SpaceX Test Firing Integrated Raptor Engine This Week

SpaceX will begin test firing the Starhopper. The Starhopper will be tethered and the hops will not be visible from offsite. This will likely be only a few feet or less of lift in the initial tests. The first integrated test firing of a single engine should happen this week.

“Elon Musk: SpaceX hopes to launch ‘Test Hopper’ — a prototype for a giant Mars rocket ship — for the first time this week” Updated story. ‘Launch’ is a bit strong. https://t.co/OrBbdhrR18 via @businessinsider— Cowboy Dan (@CowboyDanPaasch) March 18, 2019

SOURCES- Elon Musk Twitter, cowboy Day Twitter, Viv@flcnhvy Twitter, Pictures from Spadre.com Written By Brian Wang,

6 thoughts on “SpaceX Test Firing Integrated Raptor Engine This Week”

  1. If SpaceX is willing to spare one Starship (upper stage) on a permanent basis perhaps a nuclear rocket and shielding could be substituted for one or more of the Merlin engines. The object would be a “proof of concept” for high performance nuclear propulsion. It could act as a shuttle between LEO and the Moon. It would never land on Earth but the Moon and Mars would be definite possibilities. If the “proof of concept” program is successful a truly SSTO vehicle would finally be practical.

  2. I guess that this was partly an effect of the rockets getting bigger, more expensive, and manned (or able to be manned in the public mind).

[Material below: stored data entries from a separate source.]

theorem lemma2p2:
  fixes S :: "(int^'d) set" and P :: "int^'d \<Rightarrow> complex^'D^'D" and C :: "complex^'D^'D"
  assumes "finite S"
    and "resolution_of_unity S P"
    and "unitary_mat C"
    and "has_eigenvalue S P C"
  shows "\<exists>\<phi>::complex^'D. \<exists>xo::int^'d. \<phi> \<noteq> 0 \<and>
           limsup (\<lambda>n. ereal (p_prob S P C n \<phi> xo)) > 0"
proof (rule ccontr)
  assume "\<not> ?thesis"
  then have vanish: "limsup (\<lambda>n. ereal (p_prob S P C n \<phi> x)) \<le> 0" if "\<phi> \<noteq> 0" for \<phi> x
    using that by (auto simp: not_less)
  obtain \<mu> f where f: "l2_fun f" "f \<noteq> (\<lambda>x. 0)" "U_op S P C f = (\<lambda>x. \<mu> *s f x)"
    using assms(4) unfolding has_eigenvalue_def by blast
  then obtain y where "f y \<noteq> 0" by auto
  define g where "g = (\<lambda>x. delta0 (f y) (x - y))"
  note g = delta0_translate[of "f y" y, folded g_def]
  have "cmod (l2_inner ((U_op S P C ^^ n) g) f) = (norm (f y))^2" for n
    using norm_l2_inner_U_op_iter_eigenvector[OF assms(1-3) f(1,3) _ g(1)]
      eigenvalue_unimodular[OF assms(1-3) f(1) \<open>f y \<noteq> 0\<close> f(3)]
    by (simp add: g(3) cinner_self norm_power)
  moreover have "(\<lambda>n. l2_inner ((U_op S P C ^^ n) g) f) \<longlonglongrightarrow> 0"
  proof (rule l2_inner_tendsto_zero[OF l2_fun_U_op_iter[OF assms(1,2) g(1)] _ _ f(1)])
    show "(\<Sum>\<^sub>\<infinity>x. (norm ((U_op S P C ^^ n) g x))^2) \<le> (norm (f y))^2" for n
      using l2_norm_U_op_iter[OF assms(1-3) g(1), of n] g(2) unfolding g_def by simp
    show "(\<lambda>n. (U_op S P C ^^ n) g x) \<longlonglongrightarrow> 0" for x
      using vanish[OF \<open>f y \<noteq> 0\<close>, of "x - y"]
      unfolding g_def U_op_iter_translate p_prob_def by (rule tendsto_zero_if_limsup_norm_power2)
  qed
  ultimately have "(\<lambda>n. (norm (f y))^2) \<longlonglongrightarrow> 0"
    using tendsto_norm[of "\<lambda>n. l2_inner ((U_op S P C ^^ n) g) f" 0] by simp
  then have "(norm (f y))^2 = 0"
    by (rule LIMSEQ_const_iff[THEN iffD1])
  then show False
    using \<open>f y \<noteq> 0\<close> by simp
qed

end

    You can treat a loss as a data point when you are doing small, cheap stuff that doesn’t endanger any life. Once they are big, expensive things that are (or could be, the public, and especially the press, aren’t good at distinguishing those concepts) carrying humans then a loss is a tragedy.

    Another example is airships. During the 1920s and 1930s there were two types of aircraft being developed. Airships and aeroplanes. And airships had several advantages over the opposition. But airships are (as the name implies), like ships. They are big, they are expensive, and they have dozens of crew on board. The loss of an airship was a national, if not international, tragedy. Meanwhile the loss of an aeroplane might make the local paper, they were small, relatively cheap and had at most one or two people on board (1920s-30s remember).

    And there were just too many airship losses for people to keep pushing forward with them. They lost a LOT more aeroplanes, but it was airships that made headlines and had royal commissions and affected resulting military budget requests. So the airship projects were one by one abandoned or scaled back to irrelevancy. I’ve seen an estimate (sadly with no details or references) that only one or two fewer airship losses could have seen their development continue.

  3. Good. SpaceX needs rockets that can throttle engines low enough, that a single engine can land without the “slam”. Landing like that is just asking for trouble, and eliminating that will be a real risk reduction. For instance, if there is something wrong with the Barge, it’s easy to delay landing for a few seconds, or make corrections at the last second. Rocket was will be minimized too, which will be a big deal with the BFR booster. If hopper can hover, presumable both stages of the BFR will be able to.

  4. Unfortunately, I’m old enough to remember the 1960s, when there were advancements in aerospace at least every year. Obvious strategies were used to push the boundaries, and a destroyed vehicle was not considered a awful failure(except for loss of life), if important lessons were learned. Then the deep state took over NASA, and it went to hell. If you are afraid to “fail”, you simply can’t evolve a design quickly, or even worse test new concepts.

    It displays the absurdity of financing technological development via government, if it’s only a for profit company that can risk new technologies. It can do it on the cheap too.

    If the idiot politicians are going to spend money for space vehicles, it needs to be X-prize style, by small steps.